> Assigned task: Each line of the listing is to be copied exactly.

> Material for this task:
(* Let $\Delta\ge 2$ and $0<k_2<k_1\le k$ be integers and $0<\beta<1$. Let $H=(V,\mathcal E)$ be a hypergraph with pinnings $\mathcal P$, maximum degree $\Delta$, and $k_1\le|e|\le k$ for every $e\in\mathcal E$. Fix a vertex $v$ contained in at least one hyperedge, a colour $c_1\in[q]$, and let $e_0$ be the first hyperedge containing $v$ in a fixed ordering of $\mathcal E$. Suppose $q^{1-k_2}<\beta$, $q>(\mathrm e k\Delta)^{\frac{1}{k_1-2}}$ and $q>C\Delta^{\frac{3}{\beta(k_2-1)}}$ where $C^{\beta(k_2-1)}\ge\frac{\mathrm e^{\beta+3}k^3}{\beta^\beta}\binom{k}{k_2}$. Then for every positive integer $\ell$, $$\frac{|\{\sigma\in\mathcal C_1:\sigma\text{ is }\ell\text{-bad}\}|}{|\mathcal C_1|}\le e^{-\ell}.$$
   Context: A hypergraph with pinnings is $(H,\mathcal P)$ with $H=(V,\mathcal E)$ and $\mathcal P=\{P_e\subseteq[q]:e\in\mathcal E\}$; $\sigma\in[q]^V$ is proper if $|\{\sigma(u):u\in e\}\cup P_e|>1$ for all $e$. The maximum degree is the maximum number of hyperedges containing a vertex. $\mathcal C_1$ is the set of proper colourings $\sigma$ with $\sigma(v)=c_1$. $\mathrm{Lin}(H)$ is the line graph of $H$ (vertices are hyperedges, two distinct hyperedges adjacent iff they intersect). A set $T$ of vertices of a graph $G$ is a $\{2,3\}$-tree if its elements are pairwise at distance $\ge2$ in $G$ and the graph on $T$ joining pairs at $G$-distance $2$ or $3$ is connected. A colouring $\sigma\in\mathcal C_1$ is $\ell$-bad if there exist a $\{2,3\}$-tree $T$ in $\mathrm{Lin}(H)$ and a set of vertices $V_{\mathrm{col}}$ such that (1) $|T|=\ell$ and $e_0\in T$; (2) $|e\cap V_{\mathrm{col}}|=k_2$ for every $e\in T$; (3) at least $\beta\ell$ hyperedges $e\in T$ are (partially) monochromatic under $\sigma$ restricted to $V_{\mathrm{col}}$, i.e. all vertices of $e\cap V_{\mathrm{col}}$ receive the same colour under $\sigma$. $\mathrm e$ denotes Euler's number. *)

theory Defs
  imports Complex_Main "HOL-Library.FuncSet"
begin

> Task response:
(* Let $\Delta\ge 2$ and $0<k_2<k_1\le k$ be integers and $0<\beta<1$. Let $H=(V,\mathcal E)$ be a hypergraph with pinnings $\mathcal P$, maximum degree $\Delta$, and $k_1\le|e|\le k$ for every $e\in\mathcal E$. Fix a vertex $v$ contained in at least one hyperedge, a colour $c_1\in[q]$, and let $e_0$ be the first hyperedge containing $v$ in a fixed ordering of $\mathcal E$. Suppose $q^{1-k_2}<\beta$, $q>(\mathrm e k\Delta)^{\frac{1}{k_1-2}}$ and $q>C\Delta^{\frac{3}{\beta(k_2-1)}}$ where $C^{\beta(k_2-1)}\ge\frac{\mathrm e^{\beta+3}k^3}{\beta^\beta}\binom{k}{k_2}$. Then for every positive integer $\ell$, $$\frac{|\{\sigma\in\mathcal C_1:\sigma\text{ is }\ell\text{-bad}\}|}{|\mathcal C_1|}\le e^{-\ell}.$$
   Context: A hypergraph with pinnings is $(H,\mathcal P)$ with $H=(V,\mathcal E)$ and $\mathcal P=\{P_e\subseteq[q]:e\in\mathcal E\}$; $\sigma\in[q]^V$ is proper if $|\{\sigma(u):u\in e\}\cup P_e|>1$ for all $e$. The maximum degree is the maximum number of hyperedges containing a vertex. $\mathcal C_1$ is the set of proper colourings $\sigma$ with $\sigma(v)=c_1$. $\mathrm{Lin}(H)$ is the line graph of $H$ (vertices are hyperedges, two distinct hyperedges adjacent iff they intersect). A set $T$ of vertices of a graph $G$ is a $\{2,3\}$-tree if its elements are pairwise at distance $\ge2$ in $G$ and the graph on $T$ joining pairs at $G$-distance $2$ or $3$ is connected. A colouring $\sigma\in\mathcal C_1$ is $\ell$-bad if there exist a $\{2,3\}$-tree $T$ in $\mathrm{Lin}(H)$ and a set of vertices $V_{\mathrm{col}}$ such that (1) $|T|=\ell$ and $e_0\in T$; (2) $|e\cap V_{\mathrm{col}}|=k_2$ for every $e\in T$; (3) at least $\beta\ell$ hyperedges $e\in T$ are (partially) monochromatic under $\sigma$ restricted to $V_{\mathrm{col}}$, i.e. all vertices of $e\cap V_{\mathrm{col}}$ receive the same colour under $\sigma$. $\mathrm e$ denotes Euler's number. *)

theory Defs
  imports Complex_Main "HOL-Library.FuncSet"
begin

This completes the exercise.